Today's readings are so beautiful and so profound that I'm afraid I won't do them justice. We could meditate on each one of them for hours and hours.
I believe that today we should look at the infinite love of the Father and the Son for us - a love that led them to the madness of the Cross. Saint Paul told us that the Father gave up his Son for us. When did the Father give us his Son Jesus? Hearing these words, surely many of us thought of the Passion and death of Jesus. However, in his commentary on the Letter to the Romans, Saint Thomas Aquinas says something very beautiful. He speaks not only of the Passion, but also of the Incarnation. He points out that the Father gave his Son when he placed into his human heart the love that the Father had and has for men, in such a way that Jesus accepted the suffering of his Passion moved by love for us. This is so beautiful from so many different perspectives.
The love that the Father places in the Heart of his Son is the Holy Spirit, so the work of Redemption is a work of the three divine Persons. The gift of the Father does not consist in abandoning his Son Jesus to the sufferings of the Passion. The way to surrender Christ consists in placing in his human Heart the infinite love that He, the Father, feels for us. When the Heart of Jesus receives that love, which is the love of the Father, He is inflamed with the same love and the same desires to save the world. Christ loves in his human will and heart with the love of his Father and in that love he loves us, and by loving us in this way, he feels compelled by love to give his life for our salvation. Christ is not forcibly handed over to death. The Father's infinite love for us fills his Heart, and he offers himself to suffering, freely wanting to suffer for love of us.
For this reason, today we are invited to see Jesus as the beloved Son of the Father. "This is my beloved Son." He says of Jesus in the account of the Transfiguration. In that love of the Father for Jesus Christ, He also includes us and says to us: “You are my beloved child. I love you so much that I give you my only Son, Jesus. He and I, with and in the same love, want your redemption. We accept the mystery of the Cross for love of you.”

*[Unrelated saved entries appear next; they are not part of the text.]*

text \<open>Evaluate the hypothesis at \<open>u + t (w - u)\<close> for \<open>t\<close> so small that \<open>f\<close> stays positive there:
  convexity of \<open>f\<close> and concavity of \<open>s \<mapsto> s powr p\<close> (via the tangent bound) turn it into a
  bound of order \<open>t\<close>, and dividing by \<open>t\<close> gives the affine minorant.\<close>
lemma convex_ext_minorant_from_powr:
  fixes f :: "'a::real_normed_vector \<Rightarrow> ereal"
  assumes nm: "\<forall>x. f x \<noteq> -\<infinity>" and cv: "convex_ext f"
    and p: "0 < p" "p \<le> 1" and k: "0 \<le> k"
    and fu: "f u \<noteq> \<infinity>" and pos: "0 < real_of_ereal (f u)"
    and hyp: "\<And>w. f w \<noteq> \<infinity> \<Longrightarrow>
      real_of_ereal (f u) powr p \<le> max (real_of_ereal (f w)) 0 powr p + k * norm (w - u)"
    and fw: "f w \<noteq> \<infinity>"
  shows "real_of_ereal (f u) - k / (p * real_of_ereal (f u) powr (p - 1)) * norm (w - u)
           \<le> real_of_ereal (f w)"
proof -
  define F where "F x = real_of_ereal (f x)" for x
  define a where "a = F u"
  define n where "n = norm (w - u)"
  define t where "t = min 1 (a powr p / (2 * (k * n + 1)))"
  have a: "0 < a" using pos unfolding a_def F_def .
  have kn: "0 < k * n + 1" using k unfolding n_def by (simp add: add_nonneg_pos)
  have t: "0 < t" "t \<le> 1" unfolding t_def using a kn by auto
  have small: "k * (t * n) \<le> a powr p / 2"
  proof -
    have "t * (2 * (k * n + 1)) \<le> a powr p"
      using kn unfolding t_def by (simp add: min_def pos_le_divide_eq split: if_splits)
    moreover have "k * (t * n) \<le> t * (k * n + 1)" using t k by (simp add: algebra_simps)
    ultimately show ?thesis by (simp add: algebra_simps)
  qed
  define wt where "wt = (1 - t) *\<^sub>R u + t *\<^sub>R w"
  have fwt: "f wt \<noteq> \<infinity>" and conv: "F wt \<le> (1 - t) * a + t * F w"
    using convex_ext_finite[OF nm cv fu fw, of t] t unfolding wt_def F_def a_def by auto
  have "wt - u = t *\<^sub>R (w - u)" unfolding wt_def by (simp add: algebra_simps)
  then have "norm (wt - u) = t * n" using t unfolding n_def by simp
  then have at_wt: "a powr p \<le> max (F wt) 0 powr p + k * (t * n)"
    using hyp[OF fwt] unfolding F_def a_def by simp
  have "0 < a powr p" using a by simp
  then have "0 < max (F wt) 0 powr p" using at_wt small by linarith
  then have Fwt: "0 < F wt" by (simp add: max_def split: if_splits)
  define A where "A = (1 - t) * a + t * F w"
  have "a powr p - k * (t * n) \<le> F wt powr p" using at_wt Fwt by simp
  also have "\<dots> \<le> A powr p" using conv Fwt p unfolding A_def by (intro powr_mono2) auto
  also have "\<dots> \<le> a powr p + p * a powr (p - 1) * (A - a)"
    using powr_le_tangent[of A a p] conv Fwt a p unfolding A_def by linarith
  also have "A - a = t * (F w - a)" unfolding A_def by (simp add: algebra_simps)
  finally have "- (k * n) * t \<le> (p * a powr (p - 1) * (F w - a)) * t" by (simp add: algebra_simps)
  then have "- (k * n) \<le> p * a powr (p - 1) * (F w - a)" using t(1) by (rule mult_right_le_imp_le)
  then have "- (k * n) \<le> (F w - a) * (p * a powr (p - 1))" by (simp add: mult.commute)
  moreover have "0 < p * a powr (p - 1)" using p a by simp
  ultimately have "- (k * n) / (p * a powr (p - 1)) \<le> F w - a"
    by (simp only: pos_divide_le_eq)
  then show ?thesis unfolding F_def a_def n_def by (simp add: field_simps)
qed
(* Let $G$ be a finitely generated group. If $IP_{Rat}(G\rtimes\mathbb{Z})$ is decidable, then $GBrP_{Rat}(G)$ is decidable.
   Context: For $\phi\in\mathrm{Aut}(G)$, $G\rtimes_\phi\mathbb{Z}$ is the group generated by $G$ and $t$ with $t^{-1}at=\phi(a)$ for $a\in G$. A subset of a finitely generated group is rational if it is the image of a rational (regular) language over the generators and their inverses (given by a finite automaton). $IP_{Rat}(G\rtimes\mathbb{Z})$: given $\phi\in\mathrm{Aut}(G)$ and two rational subsets of $G\rtimes_\phi\mathbb{Z}$, decide whether they intersect. $GBrP_{Rat}(G)$: given a rational subset $K\subseteq G$, $\phi\in\mathrm{Aut}(G)$ and $x\in G$, decide whether there exists $k$ with $\phi^k(x)\in K$. *)

theory Defs
  imports "HOL-Algebra.Generated_Groups" "HOL-Library.Nat_Bijection"
begin

datatype recf = Zero | Succ | Proj nat | Comp recf "recf list" | Prim recf recf | Mini recf

inductive rf_eval :: "recf \<Rightarrow> nat list \<Rightarrow> nat \<Rightarrow> bool" where
  zero: "rf_eval Zero xs 0"
| succ: "rf_eval Succ (x # xs) (Suc x)"
| proj: "i < length xs \<Longrightarrow> rf_eval (Proj i) xs (xs ! i)"
| comp: "length ys = length gs \<Longrightarrow> (\<forall>i < length gs. rf_eval (gs ! i) xs (ys ! i))
          \<Longrightarrow> rf_eval f ys z \<Longrightarrow> rf_eval (Comp f gs) xs z"
| prim0: "rf_eval g xs y \<Longrightarrow> rf_eval (Prim g h) (0 # xs) y"
| primS: "rf_eval (Prim g h) (n # xs) y \<Longrightarrow> rf_eval h (y # n # xs) z
          \<Longrightarrow> rf_eval (Prim g h) (Suc n # xs) z"
| mini: "rf_eval f (n # xs) 0 \<Longrightarrow> (\<forall>m < n. \<exists>y. rf_eval f (m # xs) (Suc y))
          \<Longrightarrow> rf_eval (Mini f) xs n"

text \<open>A letter over a generating list of length n is a code c < 2n:
  generator number c div 2, inverted iff c is odd.\<close>

definition word_ok :: "nat \<Rightarrow> nat list \<Rightarrow> bool" where
  "word_ok n w \<longleftrightarrow> (\<forall>c \<in> set w. c < 2 * n)"

type_synonym nfa = "(nat \<times> nat \<times> nat) list \<times> nat \<times> nat list"

fun nfa_run :: "(nat \<times> nat \<times> nat) list \<Rightarrow> nat \<Rightarrow> nat list \<Rightarrow> nat \<Rightarrow> bool" where
  "nfa_run ts p [] q \<longleftrightarrow> p = q"
| "nfa_run ts p (a # w) q \<longleftrightarrow> (\<exists>p'. (p, a, p') \<in> set ts \<and> nfa_run ts p' w q)"

fun nfa_accepts :: "nfa \<Rightarrow> nat list \<Rightarrow> bool" where
  "nfa_accepts (ts, q0, fs) w \<longleftrightarrow> (\<exists>q \<in> set fs. nfa_run ts q0 w q)"

fun nfa_ok :: "nat \<Rightarrow> nfa \<Rightarrow> bool" where
  "nfa_ok n (ts, q0, fs) \<longleftrightarrow> (\<forall>(p, a, q) \<in> set ts. a < 2 * n)"

fun enc_nfa :: "nfa \<Rightarrow> nat" where
  "enc_nfa (ts, q0, fs) =
     prod_encode (list_encode (map (\<lambda>(p, a, q). prod_encode (p, prod_encode (a, q))) ts),
                  prod_encode (q0, list_encode fs))"

definition enc_aut :: "nat list list \<Rightarrow> nat" where
  "enc_aut ws = list_encode (map list_encode ws)"

definition gen_letter :: "('a, 'b) monoid_scheme \<Rightarrow> 'a list \<Rightarrow> nat \<Rightarrow> 'a" where
  "gen_letter G gens c =
     (if odd c then inv\<^bsub>G\<^esub> (gens ! (c div 2)) else gens ! (c div 2))"

definition eval_word :: "('a, 'b) monoid_scheme \<Rightarrow> 'a list \<Rightarrow> nat list \<Rightarrow> 'a" where
  "eval_word G gens w = foldr (\<lambda>c acc. gen_letter G gens c \<otimes>\<^bsub>G\<^esub> acc) w \<one>\<^bsub>G\<^esub>"

definition rat_set :: "('a, 'b) monoid_scheme \<Rightarrow> 'a list \<Rightarrow> nfa \<Rightarrow> 'a set" where
  "rat_set G gens A = eval_word G gens ` {w. nfa_accepts A w}"

definition aut_pow :: "('a, 'b) monoid_scheme \<Rightarrow> ('a \<Rightarrow> 'a) \<Rightarrow> int \<Rightarrow> 'a \<Rightarrow> 'a" where
  "aut_pow G \<phi> k = (if 0 \<le> k then \<phi> ^^ nat k else inv_into (carrier G) \<phi> ^^ nat (- k))"

text \<open>Elements of G \<rtimes>_\<phi> Z in normal form g t^m, represented as (g, m).
  Since t^{-1} a t = \<phi>(a), we have t^m h = \<phi>^{-m}(h) t^m.\<close>
definition sd_mult :: "('a, 'b) monoid_scheme \<Rightarrow> ('a \<Rightarrow> 'a) \<Rightarrow> 'a \<times> int \<Rightarrow> 'a \<times> int \<Rightarrow> 'a \<times> int" where
  "sd_mult G \<phi> x y = (fst x \<otimes>\<^bsub>G\<^esub> aut_pow G \<phi> (- snd x) (fst y), snd x + snd y)"

text \<open>Generators of G \<rtimes> Z: those of G (numbers < length gens) and t (number length gens).\<close>
definition sd_letter :: "('a, 'b) monoid_scheme \<Rightarrow> 'a list \<Rightarrow> nat \<Rightarrow> 'a \<times> int" where
  "sd_letter G gens c =
     (if c div 2 = length gens then (\<one>\<^bsub>G\<^esub>, if odd c then -1 else 1)
      else (gen_letter G gens c, 0))"

definition sd_eval :: "('a, 'b) monoid_scheme \<Rightarrow> ('a \<Rightarrow> 'a) \<Rightarrow> 'a list \<Rightarrow> nat list \<Rightarrow> 'a \<times> int" where
  "sd_eval G \<phi> gens w = foldr (\<lambda>c acc. sd_mult G \<phi> (sd_letter G gens c) acc) w (\<one>\<^bsub>G\<^esub>, 0)"

definition sd_rat_set :: "('a, 'b) monoid_scheme \<Rightarrow> ('a \<Rightarrow> 'a) \<Rightarrow> 'a list \<Rightarrow> nfa \<Rightarrow> ('a \<times> int) set" where
  "sd_rat_set G \<phi> gens A = sd_eval G \<phi> gens ` {w. nfa_accepts A w}"

definition represents :: "('a, 'b) monoid_scheme \<Rightarrow> 'a list \<Rightarrow> nat list list \<Rightarrow> ('a \<Rightarrow> 'a) \<Rightarrow> bool" where
  "represents G gens ws \<phi> \<longleftrightarrow> \<phi> \<in> iso G G \<and> length ws = length gens \<and>
     (\<forall>w \<in> set ws. word_ok (length gens) w) \<and>
     (\<forall>i < length gens. \<phi> (gens ! i) = eval_word G gens (ws ! i))"

definition IP_Rat_sd_decidable :: "('a, 'b) monoid_scheme \<Rightarrow> 'a list \<Rightarrow> bool" where
  "IP_Rat_sd_decidable G gens \<longleftrightarrow> (\<exists>M. \<forall>\<phi> ws A B.
     represents G gens ws \<phi> \<and> nfa_ok (Suc (length gens)) A \<and> nfa_ok (Suc (length gens)) B \<longrightarrow>
     rf_eval M [prod_encode (enc_aut ws, prod_encode (enc_nfa A, enc_nfa B))]
       (if sd_rat_set G \<phi> gens A \<inter> sd_rat_set G \<phi> gens B \<noteq> {} then 1 else 0))"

I believe that today we must pay special attention to the sacrifice of God the Father. We tend to focus on the sacrifice of the Son, of Jesus Christ, and do not think about what God the Father offers for us. In the first reading we heard the account of the sacrifice of Isaac. Father Mendizábal used to say that actually we should call it Abraham's sacrifice! What God is really asking for is not the death of the son, but the willingness of the father to offer what he loves most. If Isaac is the image of Christ, whose image is Abraham? God the Father!
In the giving of Christ the Father gave us what He loved the most. To give us life he offered his Son to death. In this drama of our redemption, the Son also gives himself to the Father, and both do so out of love.
Today, we can go to the Heart of Jesus, filled to overflowing with the love of the Father - who is the Holy Spirit - and drink from him in this Holy Mass. We can also ask for the grace to receive, like Jesus, the love of God in our hearts, to find there the strength and generosity to empty ourselves for God and for our brothers and sisters. We can accept his mercy, listen to Jesus when he tells us that he has not come to seek the just but the sinners and run joyfully into his embrace. We, too, strengthened by the love of God that we gather from the Heart of Jesus in the Eucharist, can embrace the mystery of pain and accept it with the joy of knowing that we, too, must pass from the Cross to light. As we will hear in the preface of this Mass "the Passion leads to the glory of the Resurrection.”
May the Father grant us the grace to listen and then to live in the love and word of his Son Jesus.